▶ EXERCISE BRIEF: First find the line with "w \<le> (1 - t) * e" in the entries below, then set down exactly every line through the line with "unfolding w_def using", that line included.
══════════
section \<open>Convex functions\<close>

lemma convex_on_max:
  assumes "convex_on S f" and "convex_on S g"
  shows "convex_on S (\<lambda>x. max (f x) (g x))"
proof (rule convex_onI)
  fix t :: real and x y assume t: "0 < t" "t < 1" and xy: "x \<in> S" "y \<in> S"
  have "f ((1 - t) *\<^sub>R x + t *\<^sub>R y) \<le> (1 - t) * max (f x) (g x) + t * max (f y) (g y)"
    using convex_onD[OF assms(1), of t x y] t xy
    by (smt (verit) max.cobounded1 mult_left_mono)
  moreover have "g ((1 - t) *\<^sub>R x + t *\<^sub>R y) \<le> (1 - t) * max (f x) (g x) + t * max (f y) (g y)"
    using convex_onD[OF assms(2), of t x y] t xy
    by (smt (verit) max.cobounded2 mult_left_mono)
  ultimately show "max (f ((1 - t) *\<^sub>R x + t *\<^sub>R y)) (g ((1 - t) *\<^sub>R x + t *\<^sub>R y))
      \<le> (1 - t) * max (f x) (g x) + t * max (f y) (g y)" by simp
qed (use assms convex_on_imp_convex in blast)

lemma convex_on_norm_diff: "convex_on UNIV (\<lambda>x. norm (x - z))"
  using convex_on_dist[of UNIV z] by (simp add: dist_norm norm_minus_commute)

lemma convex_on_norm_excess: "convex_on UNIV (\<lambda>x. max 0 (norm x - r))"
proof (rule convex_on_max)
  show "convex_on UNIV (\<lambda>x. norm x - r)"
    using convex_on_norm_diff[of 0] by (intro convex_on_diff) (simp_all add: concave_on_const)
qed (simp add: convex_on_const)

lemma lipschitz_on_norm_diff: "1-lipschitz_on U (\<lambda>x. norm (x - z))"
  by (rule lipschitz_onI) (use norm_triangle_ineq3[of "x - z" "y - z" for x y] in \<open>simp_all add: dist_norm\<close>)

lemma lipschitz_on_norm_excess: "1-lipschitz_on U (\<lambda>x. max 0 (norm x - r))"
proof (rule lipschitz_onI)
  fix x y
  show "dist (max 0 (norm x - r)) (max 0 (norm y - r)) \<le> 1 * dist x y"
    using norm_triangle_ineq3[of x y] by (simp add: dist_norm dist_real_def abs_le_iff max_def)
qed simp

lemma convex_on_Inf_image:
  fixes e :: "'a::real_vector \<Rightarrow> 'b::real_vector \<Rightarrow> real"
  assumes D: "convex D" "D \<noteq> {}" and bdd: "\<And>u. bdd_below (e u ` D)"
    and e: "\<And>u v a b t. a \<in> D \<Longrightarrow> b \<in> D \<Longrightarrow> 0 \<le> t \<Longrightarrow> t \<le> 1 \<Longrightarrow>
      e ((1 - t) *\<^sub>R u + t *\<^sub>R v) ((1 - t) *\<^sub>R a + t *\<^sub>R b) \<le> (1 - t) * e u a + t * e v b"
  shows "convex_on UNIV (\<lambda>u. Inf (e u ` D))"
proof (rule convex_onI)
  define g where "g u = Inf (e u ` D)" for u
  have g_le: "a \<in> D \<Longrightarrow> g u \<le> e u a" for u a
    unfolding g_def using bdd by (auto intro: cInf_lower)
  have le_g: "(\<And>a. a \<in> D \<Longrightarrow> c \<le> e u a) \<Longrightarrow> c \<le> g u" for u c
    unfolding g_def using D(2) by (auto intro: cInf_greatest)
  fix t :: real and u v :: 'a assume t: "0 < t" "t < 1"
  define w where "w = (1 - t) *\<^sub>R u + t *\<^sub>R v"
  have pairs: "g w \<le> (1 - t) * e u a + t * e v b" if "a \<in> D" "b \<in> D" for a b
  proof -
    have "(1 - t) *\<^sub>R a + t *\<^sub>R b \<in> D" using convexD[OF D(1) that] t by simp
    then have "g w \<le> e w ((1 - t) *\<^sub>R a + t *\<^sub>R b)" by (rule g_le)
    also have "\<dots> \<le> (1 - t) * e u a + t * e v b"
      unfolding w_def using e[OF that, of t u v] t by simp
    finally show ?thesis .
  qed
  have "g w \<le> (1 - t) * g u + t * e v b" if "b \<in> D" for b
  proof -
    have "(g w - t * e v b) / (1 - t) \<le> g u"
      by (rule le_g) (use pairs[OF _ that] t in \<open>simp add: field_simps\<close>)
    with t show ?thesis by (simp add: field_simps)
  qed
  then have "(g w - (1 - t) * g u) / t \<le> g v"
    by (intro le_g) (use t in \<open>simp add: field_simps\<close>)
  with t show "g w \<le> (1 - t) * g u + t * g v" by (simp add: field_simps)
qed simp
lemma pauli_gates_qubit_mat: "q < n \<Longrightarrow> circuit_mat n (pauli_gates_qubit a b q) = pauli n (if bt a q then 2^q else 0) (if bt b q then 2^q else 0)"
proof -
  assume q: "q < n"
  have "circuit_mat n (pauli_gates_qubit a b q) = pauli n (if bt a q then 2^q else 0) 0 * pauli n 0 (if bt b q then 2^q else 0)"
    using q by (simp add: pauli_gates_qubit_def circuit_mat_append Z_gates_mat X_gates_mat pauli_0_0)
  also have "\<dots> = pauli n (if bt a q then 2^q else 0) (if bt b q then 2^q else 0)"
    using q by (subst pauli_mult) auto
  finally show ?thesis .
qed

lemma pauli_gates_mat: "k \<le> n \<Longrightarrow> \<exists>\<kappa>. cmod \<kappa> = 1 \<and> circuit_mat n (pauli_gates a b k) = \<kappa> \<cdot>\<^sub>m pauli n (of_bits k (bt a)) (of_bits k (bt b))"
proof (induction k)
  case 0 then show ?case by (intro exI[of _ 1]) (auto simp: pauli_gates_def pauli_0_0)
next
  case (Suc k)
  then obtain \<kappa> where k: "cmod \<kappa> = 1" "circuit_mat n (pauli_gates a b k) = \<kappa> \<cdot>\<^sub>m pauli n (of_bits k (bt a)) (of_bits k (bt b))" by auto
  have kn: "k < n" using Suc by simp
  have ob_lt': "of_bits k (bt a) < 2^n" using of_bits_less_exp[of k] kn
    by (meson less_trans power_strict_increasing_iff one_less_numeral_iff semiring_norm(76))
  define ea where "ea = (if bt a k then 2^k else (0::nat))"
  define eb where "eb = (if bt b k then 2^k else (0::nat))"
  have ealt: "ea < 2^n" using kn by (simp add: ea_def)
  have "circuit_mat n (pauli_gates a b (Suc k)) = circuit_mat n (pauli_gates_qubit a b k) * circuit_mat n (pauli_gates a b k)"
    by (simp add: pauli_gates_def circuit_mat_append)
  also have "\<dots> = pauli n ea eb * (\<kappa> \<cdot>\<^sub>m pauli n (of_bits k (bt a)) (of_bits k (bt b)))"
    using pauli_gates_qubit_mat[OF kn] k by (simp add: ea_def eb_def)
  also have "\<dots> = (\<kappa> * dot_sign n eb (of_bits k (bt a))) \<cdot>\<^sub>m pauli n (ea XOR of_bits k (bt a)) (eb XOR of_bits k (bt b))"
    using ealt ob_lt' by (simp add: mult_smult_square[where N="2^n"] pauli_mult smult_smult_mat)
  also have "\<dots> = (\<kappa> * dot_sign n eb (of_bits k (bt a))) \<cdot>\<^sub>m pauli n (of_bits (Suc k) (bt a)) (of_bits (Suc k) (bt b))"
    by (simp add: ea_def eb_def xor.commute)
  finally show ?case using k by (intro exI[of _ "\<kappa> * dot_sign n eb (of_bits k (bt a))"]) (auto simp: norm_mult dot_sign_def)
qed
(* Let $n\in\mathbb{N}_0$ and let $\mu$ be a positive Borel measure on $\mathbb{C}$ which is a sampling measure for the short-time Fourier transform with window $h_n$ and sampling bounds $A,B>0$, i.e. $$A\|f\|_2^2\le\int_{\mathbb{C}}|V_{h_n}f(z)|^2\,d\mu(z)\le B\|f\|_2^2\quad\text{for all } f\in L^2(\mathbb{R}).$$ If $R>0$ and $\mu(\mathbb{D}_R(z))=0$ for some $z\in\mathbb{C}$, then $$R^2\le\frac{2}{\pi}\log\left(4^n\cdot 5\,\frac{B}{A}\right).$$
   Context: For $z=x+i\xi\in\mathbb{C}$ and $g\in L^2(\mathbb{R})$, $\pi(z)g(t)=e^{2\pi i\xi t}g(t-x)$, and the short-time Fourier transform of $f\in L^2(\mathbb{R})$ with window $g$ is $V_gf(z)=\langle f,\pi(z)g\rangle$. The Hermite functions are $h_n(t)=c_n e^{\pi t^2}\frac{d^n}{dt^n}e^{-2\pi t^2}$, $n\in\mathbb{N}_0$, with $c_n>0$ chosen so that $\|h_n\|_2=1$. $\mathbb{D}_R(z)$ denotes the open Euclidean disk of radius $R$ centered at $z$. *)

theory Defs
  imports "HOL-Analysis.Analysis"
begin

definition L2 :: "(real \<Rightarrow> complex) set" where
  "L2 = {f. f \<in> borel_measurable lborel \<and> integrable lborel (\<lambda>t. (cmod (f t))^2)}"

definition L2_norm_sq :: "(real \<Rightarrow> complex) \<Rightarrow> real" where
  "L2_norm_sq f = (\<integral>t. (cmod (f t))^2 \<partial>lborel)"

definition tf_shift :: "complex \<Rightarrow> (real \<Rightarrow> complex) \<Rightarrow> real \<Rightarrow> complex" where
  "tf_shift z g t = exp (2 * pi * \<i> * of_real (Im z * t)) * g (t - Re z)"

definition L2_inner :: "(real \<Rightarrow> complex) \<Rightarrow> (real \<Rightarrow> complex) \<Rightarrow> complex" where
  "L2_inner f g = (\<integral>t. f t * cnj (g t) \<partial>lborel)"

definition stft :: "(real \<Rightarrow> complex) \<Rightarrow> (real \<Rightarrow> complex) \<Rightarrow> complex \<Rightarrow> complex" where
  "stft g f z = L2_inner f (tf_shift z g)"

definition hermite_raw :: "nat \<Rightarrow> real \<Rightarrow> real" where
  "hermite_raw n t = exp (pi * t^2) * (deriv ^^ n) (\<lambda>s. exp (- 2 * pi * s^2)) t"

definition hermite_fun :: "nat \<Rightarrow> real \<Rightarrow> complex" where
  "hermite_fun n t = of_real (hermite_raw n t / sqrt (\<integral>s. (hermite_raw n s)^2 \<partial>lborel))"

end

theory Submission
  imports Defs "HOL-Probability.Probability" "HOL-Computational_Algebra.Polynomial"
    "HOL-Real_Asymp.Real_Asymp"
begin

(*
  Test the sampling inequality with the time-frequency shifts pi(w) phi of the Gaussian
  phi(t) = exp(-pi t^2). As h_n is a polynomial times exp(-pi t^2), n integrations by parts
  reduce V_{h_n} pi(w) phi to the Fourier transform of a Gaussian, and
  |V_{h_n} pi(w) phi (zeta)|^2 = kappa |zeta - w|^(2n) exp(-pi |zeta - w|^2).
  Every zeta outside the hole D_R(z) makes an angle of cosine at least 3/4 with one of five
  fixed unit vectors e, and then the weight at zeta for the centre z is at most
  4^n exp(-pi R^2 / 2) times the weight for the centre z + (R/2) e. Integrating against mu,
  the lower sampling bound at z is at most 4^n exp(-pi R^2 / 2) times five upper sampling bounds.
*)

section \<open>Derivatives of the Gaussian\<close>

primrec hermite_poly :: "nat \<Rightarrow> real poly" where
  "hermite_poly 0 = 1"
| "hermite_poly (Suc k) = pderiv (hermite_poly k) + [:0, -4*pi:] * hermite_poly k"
══════════
▶ EXERCISE OUTPUT:
  have pairs: "g w \<le> (1 - t) * e u a + t * e v b" if "a \<in> D" "b \<in> D" for a b
  proof -
    have "(1 - t) *\<^sub>R a + t *\<^sub>R b \<in> D" using convexD[OF D(1) that] t by simp
    then have "g w \<le> e w ((1 - t) *\<^sub>R a + t *\<^sub>R b)" by (rule g_le)
    also have "\<dots> \<le> (1 - t) * e u a + t * e v b"
      unfolding w_def using e[OF that, of t u v] t by simp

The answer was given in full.